Action item:
Select the lines of the records containing the word "with" and list them.

#####

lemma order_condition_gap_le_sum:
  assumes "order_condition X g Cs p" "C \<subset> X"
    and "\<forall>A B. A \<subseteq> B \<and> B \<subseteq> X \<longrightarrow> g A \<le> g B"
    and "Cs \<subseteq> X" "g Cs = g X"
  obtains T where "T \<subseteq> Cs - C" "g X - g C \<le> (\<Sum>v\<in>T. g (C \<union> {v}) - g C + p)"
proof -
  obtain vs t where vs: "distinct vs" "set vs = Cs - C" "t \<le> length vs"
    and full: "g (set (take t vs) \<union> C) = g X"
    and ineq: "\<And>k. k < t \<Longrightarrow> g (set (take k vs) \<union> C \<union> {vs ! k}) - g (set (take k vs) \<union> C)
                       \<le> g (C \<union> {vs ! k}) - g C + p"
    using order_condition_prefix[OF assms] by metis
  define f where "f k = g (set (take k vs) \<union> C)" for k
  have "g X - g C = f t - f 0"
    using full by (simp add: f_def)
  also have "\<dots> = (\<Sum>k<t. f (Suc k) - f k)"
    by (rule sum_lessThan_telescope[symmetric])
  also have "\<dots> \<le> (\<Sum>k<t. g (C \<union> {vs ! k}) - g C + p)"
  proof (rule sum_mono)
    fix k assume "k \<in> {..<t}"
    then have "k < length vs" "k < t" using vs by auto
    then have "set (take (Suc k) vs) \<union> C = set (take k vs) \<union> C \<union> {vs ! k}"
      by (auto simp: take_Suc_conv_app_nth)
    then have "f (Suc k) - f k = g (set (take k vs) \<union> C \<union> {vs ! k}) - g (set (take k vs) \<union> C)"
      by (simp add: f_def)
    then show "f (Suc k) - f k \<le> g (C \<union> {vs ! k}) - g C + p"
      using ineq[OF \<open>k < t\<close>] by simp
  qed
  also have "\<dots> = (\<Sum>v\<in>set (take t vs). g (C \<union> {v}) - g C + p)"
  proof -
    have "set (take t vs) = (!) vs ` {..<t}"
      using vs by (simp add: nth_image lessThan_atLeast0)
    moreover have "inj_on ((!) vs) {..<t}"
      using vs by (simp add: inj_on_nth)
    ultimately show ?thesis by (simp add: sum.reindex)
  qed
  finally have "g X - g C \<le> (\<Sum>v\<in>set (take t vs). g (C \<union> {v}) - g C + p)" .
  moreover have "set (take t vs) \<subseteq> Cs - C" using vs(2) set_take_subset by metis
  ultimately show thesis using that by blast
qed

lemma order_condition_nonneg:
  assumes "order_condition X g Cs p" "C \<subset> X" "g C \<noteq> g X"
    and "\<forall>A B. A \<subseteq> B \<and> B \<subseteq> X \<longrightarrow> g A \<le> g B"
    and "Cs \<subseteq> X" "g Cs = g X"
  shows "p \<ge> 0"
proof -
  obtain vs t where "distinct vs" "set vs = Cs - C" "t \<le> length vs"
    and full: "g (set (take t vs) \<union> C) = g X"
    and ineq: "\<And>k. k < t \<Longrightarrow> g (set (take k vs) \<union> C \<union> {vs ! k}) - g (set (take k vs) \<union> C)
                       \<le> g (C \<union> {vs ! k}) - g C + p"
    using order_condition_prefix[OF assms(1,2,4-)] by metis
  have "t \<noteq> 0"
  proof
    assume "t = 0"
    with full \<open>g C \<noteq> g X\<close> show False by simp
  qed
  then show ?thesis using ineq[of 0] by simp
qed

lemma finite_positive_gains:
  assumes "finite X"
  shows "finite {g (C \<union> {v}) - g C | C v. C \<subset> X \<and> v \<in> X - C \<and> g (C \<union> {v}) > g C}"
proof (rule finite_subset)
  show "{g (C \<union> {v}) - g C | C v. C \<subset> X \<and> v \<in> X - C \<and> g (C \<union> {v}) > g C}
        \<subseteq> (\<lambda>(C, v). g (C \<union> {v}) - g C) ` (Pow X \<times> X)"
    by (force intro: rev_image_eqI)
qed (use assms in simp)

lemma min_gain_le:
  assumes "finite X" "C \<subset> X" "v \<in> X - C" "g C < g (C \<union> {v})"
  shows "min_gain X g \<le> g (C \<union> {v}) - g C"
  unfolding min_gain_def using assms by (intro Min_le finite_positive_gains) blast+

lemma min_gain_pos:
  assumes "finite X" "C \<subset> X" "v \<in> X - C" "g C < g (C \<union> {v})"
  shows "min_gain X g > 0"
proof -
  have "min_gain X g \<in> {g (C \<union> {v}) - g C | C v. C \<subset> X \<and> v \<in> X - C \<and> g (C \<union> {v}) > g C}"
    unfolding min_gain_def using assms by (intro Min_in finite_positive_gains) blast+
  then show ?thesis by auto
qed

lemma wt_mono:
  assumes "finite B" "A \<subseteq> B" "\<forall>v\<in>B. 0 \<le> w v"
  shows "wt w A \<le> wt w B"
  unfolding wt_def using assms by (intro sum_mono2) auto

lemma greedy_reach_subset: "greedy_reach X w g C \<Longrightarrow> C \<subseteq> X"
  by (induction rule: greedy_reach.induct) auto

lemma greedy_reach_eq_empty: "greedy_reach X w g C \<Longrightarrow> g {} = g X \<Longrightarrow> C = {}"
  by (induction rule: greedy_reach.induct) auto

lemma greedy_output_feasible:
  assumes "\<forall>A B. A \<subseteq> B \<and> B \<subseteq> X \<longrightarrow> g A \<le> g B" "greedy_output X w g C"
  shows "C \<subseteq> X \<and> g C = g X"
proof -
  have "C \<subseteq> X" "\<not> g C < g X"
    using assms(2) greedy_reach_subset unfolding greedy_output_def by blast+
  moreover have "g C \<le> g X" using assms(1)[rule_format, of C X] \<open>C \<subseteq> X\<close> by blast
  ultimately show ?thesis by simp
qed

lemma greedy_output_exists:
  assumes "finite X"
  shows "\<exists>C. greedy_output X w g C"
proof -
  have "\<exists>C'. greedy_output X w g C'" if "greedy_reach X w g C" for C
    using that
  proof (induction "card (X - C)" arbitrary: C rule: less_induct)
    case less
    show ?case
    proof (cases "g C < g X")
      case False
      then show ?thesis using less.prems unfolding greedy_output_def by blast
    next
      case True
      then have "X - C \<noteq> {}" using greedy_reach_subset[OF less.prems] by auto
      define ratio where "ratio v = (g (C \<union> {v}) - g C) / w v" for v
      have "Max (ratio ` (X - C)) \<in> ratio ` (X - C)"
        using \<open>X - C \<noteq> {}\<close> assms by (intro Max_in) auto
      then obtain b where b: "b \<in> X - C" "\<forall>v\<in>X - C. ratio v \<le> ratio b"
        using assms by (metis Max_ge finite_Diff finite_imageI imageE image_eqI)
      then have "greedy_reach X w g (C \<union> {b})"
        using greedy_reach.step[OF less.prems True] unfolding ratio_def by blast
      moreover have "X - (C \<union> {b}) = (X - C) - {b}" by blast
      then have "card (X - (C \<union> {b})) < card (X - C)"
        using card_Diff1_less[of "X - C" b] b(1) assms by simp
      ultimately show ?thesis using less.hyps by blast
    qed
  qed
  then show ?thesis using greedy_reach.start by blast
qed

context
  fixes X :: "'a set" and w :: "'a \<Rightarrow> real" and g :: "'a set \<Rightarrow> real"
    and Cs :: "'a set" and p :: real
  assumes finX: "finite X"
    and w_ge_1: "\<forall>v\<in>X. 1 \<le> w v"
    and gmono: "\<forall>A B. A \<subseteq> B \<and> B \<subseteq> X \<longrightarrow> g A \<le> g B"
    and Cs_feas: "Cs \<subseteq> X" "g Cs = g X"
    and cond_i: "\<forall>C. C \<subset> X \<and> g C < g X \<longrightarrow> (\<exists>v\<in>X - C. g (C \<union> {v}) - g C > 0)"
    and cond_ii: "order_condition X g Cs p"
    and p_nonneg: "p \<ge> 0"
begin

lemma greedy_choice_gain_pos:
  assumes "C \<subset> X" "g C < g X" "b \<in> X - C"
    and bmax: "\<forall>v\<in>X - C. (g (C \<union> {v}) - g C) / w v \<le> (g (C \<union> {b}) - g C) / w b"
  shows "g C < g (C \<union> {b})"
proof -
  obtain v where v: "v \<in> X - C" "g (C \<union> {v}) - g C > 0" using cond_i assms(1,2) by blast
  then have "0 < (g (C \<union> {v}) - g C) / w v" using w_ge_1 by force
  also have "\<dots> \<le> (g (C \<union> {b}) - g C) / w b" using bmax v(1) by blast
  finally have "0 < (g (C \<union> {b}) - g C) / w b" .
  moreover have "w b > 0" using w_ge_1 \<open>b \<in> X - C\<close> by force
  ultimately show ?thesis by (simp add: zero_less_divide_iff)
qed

#####

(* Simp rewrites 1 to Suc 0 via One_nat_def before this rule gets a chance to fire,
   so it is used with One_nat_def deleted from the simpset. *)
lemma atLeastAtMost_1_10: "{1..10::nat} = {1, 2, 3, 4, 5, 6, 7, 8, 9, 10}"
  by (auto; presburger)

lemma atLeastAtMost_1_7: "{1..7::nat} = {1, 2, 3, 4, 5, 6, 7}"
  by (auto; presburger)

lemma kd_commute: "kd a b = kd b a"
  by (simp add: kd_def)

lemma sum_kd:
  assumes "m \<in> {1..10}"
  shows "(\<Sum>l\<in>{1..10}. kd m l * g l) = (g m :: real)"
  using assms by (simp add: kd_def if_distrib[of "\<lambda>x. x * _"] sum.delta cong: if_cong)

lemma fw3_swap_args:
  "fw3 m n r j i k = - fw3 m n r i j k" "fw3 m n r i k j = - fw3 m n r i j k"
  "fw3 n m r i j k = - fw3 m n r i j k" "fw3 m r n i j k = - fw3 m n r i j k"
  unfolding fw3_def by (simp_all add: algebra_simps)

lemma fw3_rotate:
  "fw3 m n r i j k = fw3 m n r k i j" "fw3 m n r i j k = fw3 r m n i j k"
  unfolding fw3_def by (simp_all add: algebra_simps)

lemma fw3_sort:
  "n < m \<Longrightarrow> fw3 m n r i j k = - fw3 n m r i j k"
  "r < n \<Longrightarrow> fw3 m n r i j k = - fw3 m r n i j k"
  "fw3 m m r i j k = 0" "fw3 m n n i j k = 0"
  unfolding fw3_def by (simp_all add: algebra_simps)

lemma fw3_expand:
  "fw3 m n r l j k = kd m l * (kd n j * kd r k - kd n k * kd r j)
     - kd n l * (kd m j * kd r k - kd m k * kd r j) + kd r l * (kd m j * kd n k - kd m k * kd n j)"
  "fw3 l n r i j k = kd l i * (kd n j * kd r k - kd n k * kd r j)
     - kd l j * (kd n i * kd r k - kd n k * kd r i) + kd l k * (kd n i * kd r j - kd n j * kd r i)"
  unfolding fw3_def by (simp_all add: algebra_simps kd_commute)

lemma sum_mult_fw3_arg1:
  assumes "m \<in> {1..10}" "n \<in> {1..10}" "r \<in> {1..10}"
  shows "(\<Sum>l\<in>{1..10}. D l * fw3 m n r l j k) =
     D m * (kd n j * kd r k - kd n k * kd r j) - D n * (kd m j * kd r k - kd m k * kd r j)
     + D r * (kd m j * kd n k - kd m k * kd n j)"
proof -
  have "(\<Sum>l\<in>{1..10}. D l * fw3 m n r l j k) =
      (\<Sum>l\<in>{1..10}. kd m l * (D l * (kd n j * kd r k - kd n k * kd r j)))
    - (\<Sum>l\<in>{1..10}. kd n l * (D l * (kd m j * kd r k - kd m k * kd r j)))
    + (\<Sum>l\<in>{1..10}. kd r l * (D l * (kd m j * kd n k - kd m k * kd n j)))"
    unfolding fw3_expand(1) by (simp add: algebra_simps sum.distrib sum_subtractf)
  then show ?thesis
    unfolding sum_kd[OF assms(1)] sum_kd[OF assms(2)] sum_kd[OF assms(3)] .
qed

#####

Expected answer:
    with full \<open>g C \<noteq> g X\<close> show False by simp
   so it is used with One_nat_def deleted from the simpset. *)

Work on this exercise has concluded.